On 13/02/2008, Nathan nawrich@gmail.com wrote:
In order to get really convincing evidence of this type, particularly in the absence of egregious disruptive effect (with the users in question as a _source_ rather than an object) on the community or content, you'd need to get a much larger randomly compiled sample set. You would need to establish baseline rates of correlation on a list (preferably long list) of behavior types. You would then need to establish that these two accounts deviate significantly from the expected rates of correlation associated with these behavior types. I would want to see how many other pairs or groups of accounts demonstrate similar rates of correlation, if any, and whether any of these pairs or groups could be proven as linked or not linked.
Oh dear oh dear. Long list of behavior types? Not good not good at all you've just described a data dredge. No you start by considering the set of behavior types you actually think are likely. In this case that would be zero relation or standard same timezone/work patterns.
That type of analysis is unlikely to be done in this case - not least because of the difficulty in obtaining such information in an acceptable way. I'm not asking you to do a full blown dissertation on this, and I don't think its necessary. My point is that the analysis as its presented does not support the conclusions drawn because the methods used are weak.
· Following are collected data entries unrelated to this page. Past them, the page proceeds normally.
(* Let $G=([N],\mathcal{E})$ be an undirected graph with Laplacian eigenvalues $0=\lambda_1\le\dots\le\lambda_N$, $\sigma\in(0,1)^N$, $c>0$, $q\in(0,1)$; let $d_i=\frac{\sigma_i}{|N(i)|+1}$, $m=\min_id_i$, $M=\max_id_i$, and assume $\lambda_2>0$ and $\lambda_NM^2<2m$. Let $\gamma_i=\frac{|N(i)|+1}{\sigma_i}$ and $\tilde d=\frac{\sum_i(|N(i)|+1)^2}{(\sum_i\gamma_i)^2}$. Then for every initial state $\theta(0)\in\mathbb{R}^N$ and every $b\in(0,1)$, with probability at least $1-b$ the limits $\lim_{t\to\infty}\theta_i(t)$ exist and equal a common value $\theta^*$ with $$\Big|\theta^*-\frac{\sum_i\gamma_i\theta_i(0)}{\sum_i\gamma_i}\Big|\le\frac{\sqrt{2\tilde d}\,c}{\sqrt{b(1-q^2)}}.$$
   Context: $N(i)=\{j:(i,j)\in\mathcal{E}\}$; Laplacian $L$ has $L_{ii}=|N(i)|$, $L_{ij}=-1$ if $(i,j)\in\mathcal{E}$, $0$ otherwise. Distributed mechanism with parameters $\sigma\in(0,1)^N$, $c>0$, $q\in(0,1)$: at each round $t=0,1,2,\dots$, client $i$ sends $x_i(t)=\theta_i(t)+\eta_i(t)$ to each neighbor, where the $\eta_i(t)$ are mutually independent, Laplace distributed with density $\frac{1}{2cq^t}e^{-|x|/(cq^t)}$ (mean $0$, variance $2c^2q^{2t}$); client $i$ sets $y_i(t)=\frac{1}{|N(i)|+1}\sum_{j\in N(i)\cup\{i\}}x_j(t)$ and then $\theta_i(t+1)=(1-\sigma_i)\theta_i(t)+\sigma_iy_i(t)$. *)

theory Defs
  imports "HOL-Probability.Probability" "Jordan_Normal_Form.Char_Poly"
begin

definition nbr :: "(nat \<times> nat) set \<Rightarrow> nat \<Rightarrow> nat set" where
  "nbr E i = {j. (i, j) \<in> E}"

definition undirected_graph :: "nat \<Rightarrow> (nat \<times> nat) set \<Rightarrow> bool" where
  "undirected_graph N E \<longleftrightarrow> E \<subseteq> {0..<N} \<times> {0..<N} \<and>
     (\<forall>i j. (i, j) \<in> E \<longrightarrow> (j, i) \<in> E) \<and> (\<forall>i. (i, i) \<notin> E)"

definition laplacian :: "nat \<Rightarrow> (nat \<times> nat) set \<Rightarrow> real mat" where
  "laplacian N E = mat N N (\<lambda>(i, j). if i = j then real (card (nbr E i))
                                      else if (i, j) \<in> E then -1 else 0)"

text \<open>lams is the list of Laplacian eigenvalues (with multiplicity) in nondecreasing order:
  lams ! 0 = lambda_1, ..., lams ! (N-1) = lambda_N.\<close>
definition laplacian_eigenvalues :: "nat \<Rightarrow> (nat \<times> nat) set \<Rightarrow> real list \<Rightarrow> bool" where
  "laplacian_eigenvalues N E lams \<longleftrightarrow> length lams = N \<and> sorted lams \<and>
     char_poly (laplacian N E) = prod_list (map (\<lambda>a. [:- a, 1:]) lams)"

text \<open>State of the mechanism: theta_state N E sigma th0 eta t i = theta_i(t), given the
  realised noise eta j t = eta_j(t).\<close>
primrec theta_state :: "nat \<Rightarrow> (nat \<times> nat) set \<Rightarrow> (nat \<Rightarrow> real) \<Rightarrow> (nat \<Rightarrow> real) \<Rightarrow>
    (nat \<Rightarrow> nat \<Rightarrow> real) \<Rightarrow> nat \<Rightarrow> nat \<Rightarrow> real" where
  "theta_state N E \<sigma> th0 \<eta> 0 = th0"
| "theta_state N E \<sigma> th0 \<eta> (Suc t) =
     (\<lambda>i. (1 - \<sigma> i) * theta_state N E \<sigma> th0 \<eta> t i
          + \<sigma> i * ((\<Sum>j\<in>insert i (nbr E i). theta_state N E \<sigma> th0 \<eta> t j + \<eta> j t)
                     / (real (card (nbr E i)) + 1)))"

end

theory Submission
  imports Defs "Jordan_Normal_Form.Jordan_Normal_Form_Uniqueness" "Jordan_Normal_Form.Jordan_Normal_Form_Existence"
begin

(* Write gamma_i = (|N(i)|+1)/sigma_i and w_i = |N(i)|+1.  The noiseless update T
   preserves the weighted sum  sum_i gamma_i x_i, while the injected noise adds exactly
   xi(t) = sum_j w_j eta_j(t) to it; hence the weighted mean of theta(t) equals
   (sum_i gamma_i theta_i(0) + sum_{s<t} xi(s)) / Gamma,  Gamma = sum_i gamma_i.
   On a connected graph T strictly contracts the gamma-weighted variance around that mean
   (a discrete Poincare inequality for the Dirichlet energy), so whenever the noise is
   absolutely summable the variance tends to 0 and every theta_i(t) converges to
   (sum_i gamma_i theta_i(0) + sum_t xi(t)) / Gamma.  This argument works for every
   sigma in (0,1)^N. *)

no_notation Finite_Cartesian_Product.vec_nth (infixl "$" 90)

lemma ug_nbr:
  assumes "undirected_graph N E"
  shows "nbr E i \<subseteq> {..<N}" "finite (nbr E i)" "i \<notin> nbr E i"
proof -
  show 1: "nbr E i \<subseteq> {..<N}" using assms unfolding undirected_graph_def nbr_def by auto
  show "finite (nbr E i)" by (rule finite_subset[OF 1]) auto
  show "i \<notin> nbr E i" using assms unfolding undirected_graph_def nbr_def by auto
qed

lemma ug_sym: "undirected_graph N E \<Longrightarrow> (i,j) \<in> E \<Longrightarrow> (j,i) \<in> E"
  unfolding undirected_graph_def by blast

lemma ug_sum_swap:
  assumes ug: "undirected_graph N E"
  shows "(\<Sum>i<N. \<Sum>j\<in>nbr E i. f i j) = (\<Sum>i<N. \<Sum>j\<in>nbr E i. f j i)"
proof -
  have Es: "E \<subseteq> {..<N} \<times> {..<N}" using ug unfolding undirected_graph_def by auto
  have sig: "Sigma {..<N} (nbr E) = E" using Es unfolding nbr_def by auto
  have edge_sum: "(\<Sum>i<N. \<Sum>j\<in>nbr E i. g i j) = (\<Sum>p\<in>E. g (fst p) (snd p))"
    for g :: "nat \<Rightarrow> nat \<Rightarrow> 'a"
    by (subst sum.Sigma) (auto simp: ug_nbr[OF ug] sig split_beta)
  have "(\<Sum>p\<in>E. f (snd p) (fst p)) = (\<Sum>p\<in>E. f (fst p) (snd p))"
    by (rule sum.reindex_bij_witness[where i=prod.swap and j=prod.swap])
       (auto intro: ug_sym[OF ug])
  then show ?thesis using edge_sum[of f] edge_sum[of "\<lambda>i j. f j i"] by simp
qed

text \<open>Every vertex i occurs in exactly |N(i)|+1 closed neighbourhoods.\<close>

lemma ug_cnbr_sum:
  assumes ug: "undirected_graph N E"
  shows "(\<Sum>i<N. \<Sum>j\<in>insert i (nbr E i). f j) = (\<Sum>i<N. (real (card (nbr E i)) + 1) * f i)"
proof -
  have "(\<Sum>i<N. \<Sum>j\<in>insert i (nbr E i). f j) = (\<Sum>i<N. f i + (\<Sum>j\<in>nbr E i. f j))"
    by (intro sum.cong refl, subst sum.insert) (auto simp: ug_nbr[OF ug])
  also have "\<dots> = (\<Sum>i<N. f i) + (\<Sum>i<N. \<Sum>j\<in>nbr E i. f j)"
    by (rule sum.distrib)
  also have "(\<Sum>i<N. \<Sum>j\<in>nbr E i. f j) = (\<Sum>i<N. \<Sum>j\<in>nbr E i. f i)"
    by (rule ug_sum_swap[OF ug, of "\<lambda>i j. f j"])
  also have "\<dots> = (\<Sum>i<N. real (card (nbr E i)) * f i)"
    by simp
  also have "(\<Sum>i<N. f i) + (\<Sum>i<N. real (card (nbr E i)) * f i)
      = (\<Sum>i<N. (real (card (nbr E i)) + 1) * f i)"
    by (simp add: distrib_right sum.distrib)
  finally show ?thesis .
qed

lemma lap_carrier: "laplacian N E \<in> carrier_mat N N"
  unfolding laplacian_def by simp

lemma lap_mult:
  assumes ug: "undirected_graph N E" and i: "i < N" and x: "x \<in> carrier_vec N"
  shows "(laplacian N E *\<^sub>v x) $ i = real (card (nbr E i)) * x $ i - (\<Sum>j\<in>nbr E i. x $ j)"
proof -
  have nb: "nbr E i \<subseteq> {0..<N}" using ug_nbr(1)[OF ug, of i] by auto
  have "(laplacian N E *\<^sub>v x) $ i = (\<Sum>j\<in>{0..<N}. (if i = j then real (card (nbr E i))
                                      else if (i, j) \<in> E then -1 else 0) * x $ j)"
    using i x unfolding laplacian_def by (simp add: scalar_prod_def)
  also have "\<dots> = (\<Sum>j\<in>{0..<N}. (if j = i then real (card (nbr E i)) * x $ j else 0)
        + (if j \<in> nbr E i then - x $ j else 0))"
    using ug_nbr(3)[OF ug, of i] by (intro sum.cong refl) (auto simp: nbr_def)
  also have "\<dots> = real (card (nbr E i)) * x $ i - (\<Sum>j\<in>nbr E i. x $ j)"
    using i nb by (simp add: sum.distrib sum.If_cases Int_absorb1 sum_negf)
  finally show ?thesis .
qed

text \<open>If the vertex set splits into two nonempty parts with no edge between them, the
  indicator vectors of the two parts are independent elements of the kernel of L.\<close>

lemma lap_kernel_dim:
  assumes ug: "undirected_graph N E" and S: "S \<subseteq> {..<N}" "i0 \<in> S" "j0 < N" "j0 \<notin> S"
    and closed: "\<And>i j. (i,j) \<in> E \<Longrightarrow> (i \<in> S \<longleftrightarrow> j \<in> S)"
  shows "2 \<le> kernel_dim (laplacian N E)"
proof -
  let ?L = "laplacian N E"
  interpret K: kernel N N ?L by unfold_locales (rule lap_carrier)
  define u where "u = vec N (\<lambda>k. if k \<in> S then 1 else (0::real))"
  define v where "v = vec N (\<lambda>k. if k \<in> S then 0 else (1::real))"
  have kern: "vec N (\<lambda>k. if k \<in> S then a else b) \<in> mat_kernel ?L" for a b :: real
  proof (rule mat_kernelI[OF lap_carrier])
    show "?L *\<^sub>v vec N (\<lambda>k. if k \<in> S then a else b) = 0\<^sub>v N"
    proof (rule eq_vecI)
      fix i assume i: "i < dim_vec (0\<^sub>v N :: real vec)"
      then have i: "i < N" by simp
      have "(\<Sum>j\<in>nbr E i. vec N (\<lambda>k. if k \<in> S then a else b) $ j)
          = (\<Sum>j\<in>nbr E i. (if i \<in> S then a else b))"
        using ug_nbr(1)[OF ug, of i] closed by (intro sum.cong refl) (auto simp: nbr_def)
      then show "(?L *\<^sub>v vec N (\<lambda>k. if k \<in> S then a else b)) $ i = 0\<^sub>v N $ i"
        using i by (simp add: lap_mult[OF ug i])
    qed (simp add: lap_carrier[THEN carrier_matD(1)])
  qed simp
  have uk: "u \<in> mat_kernel ?L" and vk: "v \<in> mat_kernel ?L" unfolding u_def v_def by (rule kern)+
  have i0: "i0 < N" using S by auto
  have "u $ i0 = 1" "v $ i0 = 0" unfolding u_def v_def using i0 S(2) by simp_all
  then have uv: "u \<noteq> v" by auto
  have li: "\<not> K.lin_dep {u,v}"
  proof
    assume "K.lin_dep {u,v}"
    then obtain A a x where A: "finite A" "A \<subseteq> {u,v}" and lc: "K.lincomb a A = 0\<^sub>v N"
      and x: "x \<in> A" "a x \<noteq> 0"
      unfolding K.Ker.lin_dep_def by blast
    have Ak: "A \<subseteq> mat_kernel ?L" using A uk vk by auto
    have idx: "(\<Sum>y\<in>A. a y * y $ k) = 0" if "k < N" for k
      using K.lincomb_index[OF that Ak, of a] lc that by simp
    show False
    proof (cases "x = u")
      case True
      have "(\<Sum>y\<in>A. a y * y $ i0) = (\<Sum>y\<in>A. if y = u then a u else 0)"
        using A i0 S by (intro sum.cong refl) (auto simp: u_def v_def)
      then have "(\<Sum>y\<in>A. a y * y $ i0) = a u" using A x True by simp
      then show False using idx[OF i0] x True by simp
    next
      case False
      then have xv: "x = v" using x A by auto
      have "(\<Sum>y\<in>A. a y * y $ j0) = (\<Sum>y\<in>A. if y = v then a v else 0)"
        using A S by (intro sum.cong refl) (auto simp: u_def v_def)
      then have "(\<Sum>y\<in>A. a y * y $ j0) = a v" using A x xv by simp
      then show False using idx[OF S(3)] x xv by simp
    qed
  qed
  obtain B where B: "finite B" "K.basis B" using kernel_basis_exists[OF lap_carrier] by blast
  have fd: "K.Ker.fin_dim" unfolding K.Ker.fin_dim_def using B unfolding K.Ker.basis_def by blast
  have "card {u,v} \<le> K.dim" by (rule K.Ker.li_le_dim(2)[OF fd _ li]) (use uk vk in auto)
  then show ?thesis using uv by simp
qed

lemma order_prod_lin:
  "Polynomial.order a (\<Prod>x\<leftarrow>xs. [:-x, 1:]) = length (filter (\<lambda>x. x = a) xs)" for a :: real
proof (induction xs)
  case (Cons x xs)
  have nz: "(\<Prod>x\<leftarrow>xs. [:-x, 1:]) \<noteq> (0 :: real poly)"
    by (auto simp: prod_list_zero_iff)
  have "Polynomial.order a (\<Prod>x\<leftarrow>x # xs. [:-x, 1:])
      = Polynomial.order a ([:-x, 1:] * (\<Prod>x\<leftarrow>xs. [:-x, 1:]))" by simp
  also have "\<dots> = Polynomial.order a ([:-x, 1:]) + Polynomial.order a (\<Prod>x\<leftarrow>xs. [:-x, 1:])"
    by (rule order_mult) (metis nz mult_eq_0_iff pCons_eq_0_iff zero_neq_one)
  also have "Polynomial.order a ([:-x, 1:]) = (if a = x then 1 else 0)"
    using order_linear_power[of a "-x" 1] by simp
  finally show ?case using Cons by auto
qed simp

lemma jordan_block_kernel_le:
  fixes n_as :: "(nat \<times> 'a) list"
  shows "(\<Sum>n\<leftarrow>map fst [(n, e)\<leftarrow>n_as . e = a]. min 1 n)
    \<le> sum_list (map fst (filter (\<lambda>na. snd na = a) n_as))"
  by (induction n_as) (auto simp: min_def intro: add_mono)

text \<open>Geometric multiplicity is at most algebraic multiplicity (here for the eigenvalue 0),
  read off from a Jordan normal form: each Jordan block contributes min 1 n to the kernel.\<close>

lemma kernel_le_order:
  fixes A :: "real mat"
  assumes A: "A \<in> carrier_mat n n" and cp: "char_poly A = (\<Prod>a\<leftarrow>as. [:-a, 1:])"
  shows "kernel_dim A \<le> Polynomial.order 0 (char_poly A)"
proof -
  obtain n_as where jnf: "jordan_nf A n_as" using jordan_nf_exists[OF A cp] by blast
  have cm: "char_matrix A 0 ^\<^sub>m 1 = A"
    using A by (intro eq_matI) (auto simp: char_matrix_def)
  have "kernel_dim A = dim_gen_eigenspace A 0 1" unfolding dim_gen_eigenspace_def cm ..
  also have "\<dots> = (\<Sum>n\<leftarrow>map fst [(n, e)\<leftarrow>n_as . e = 0]. min 1 n)"
    by (rule dim_gen_eigenspace[OF jnf])
  also have "\<dots> \<le> Polynomial.order 0 (char_poly A)"
    using jordan_block_kernel_le[where n_as = n_as and a = 0] by (simp add: jordan_nf_order[OF jnf])
  finally show ?thesis .
qed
Not good. You can't make an absolute statement like that. The closest you could get would be "you have fail to demonstrate a correlation a whatever level".
If the conclusions here are so difficult to support, and none of the accounts have done anything individually to support a community ban, then the ban should not be considered and the matter should be dropped until more evidence comes to light.
Please specify the following:
The confidence level you require (5%? 1%? 0.1%?) Your various null hypotheses (you are currently calling these behavior types)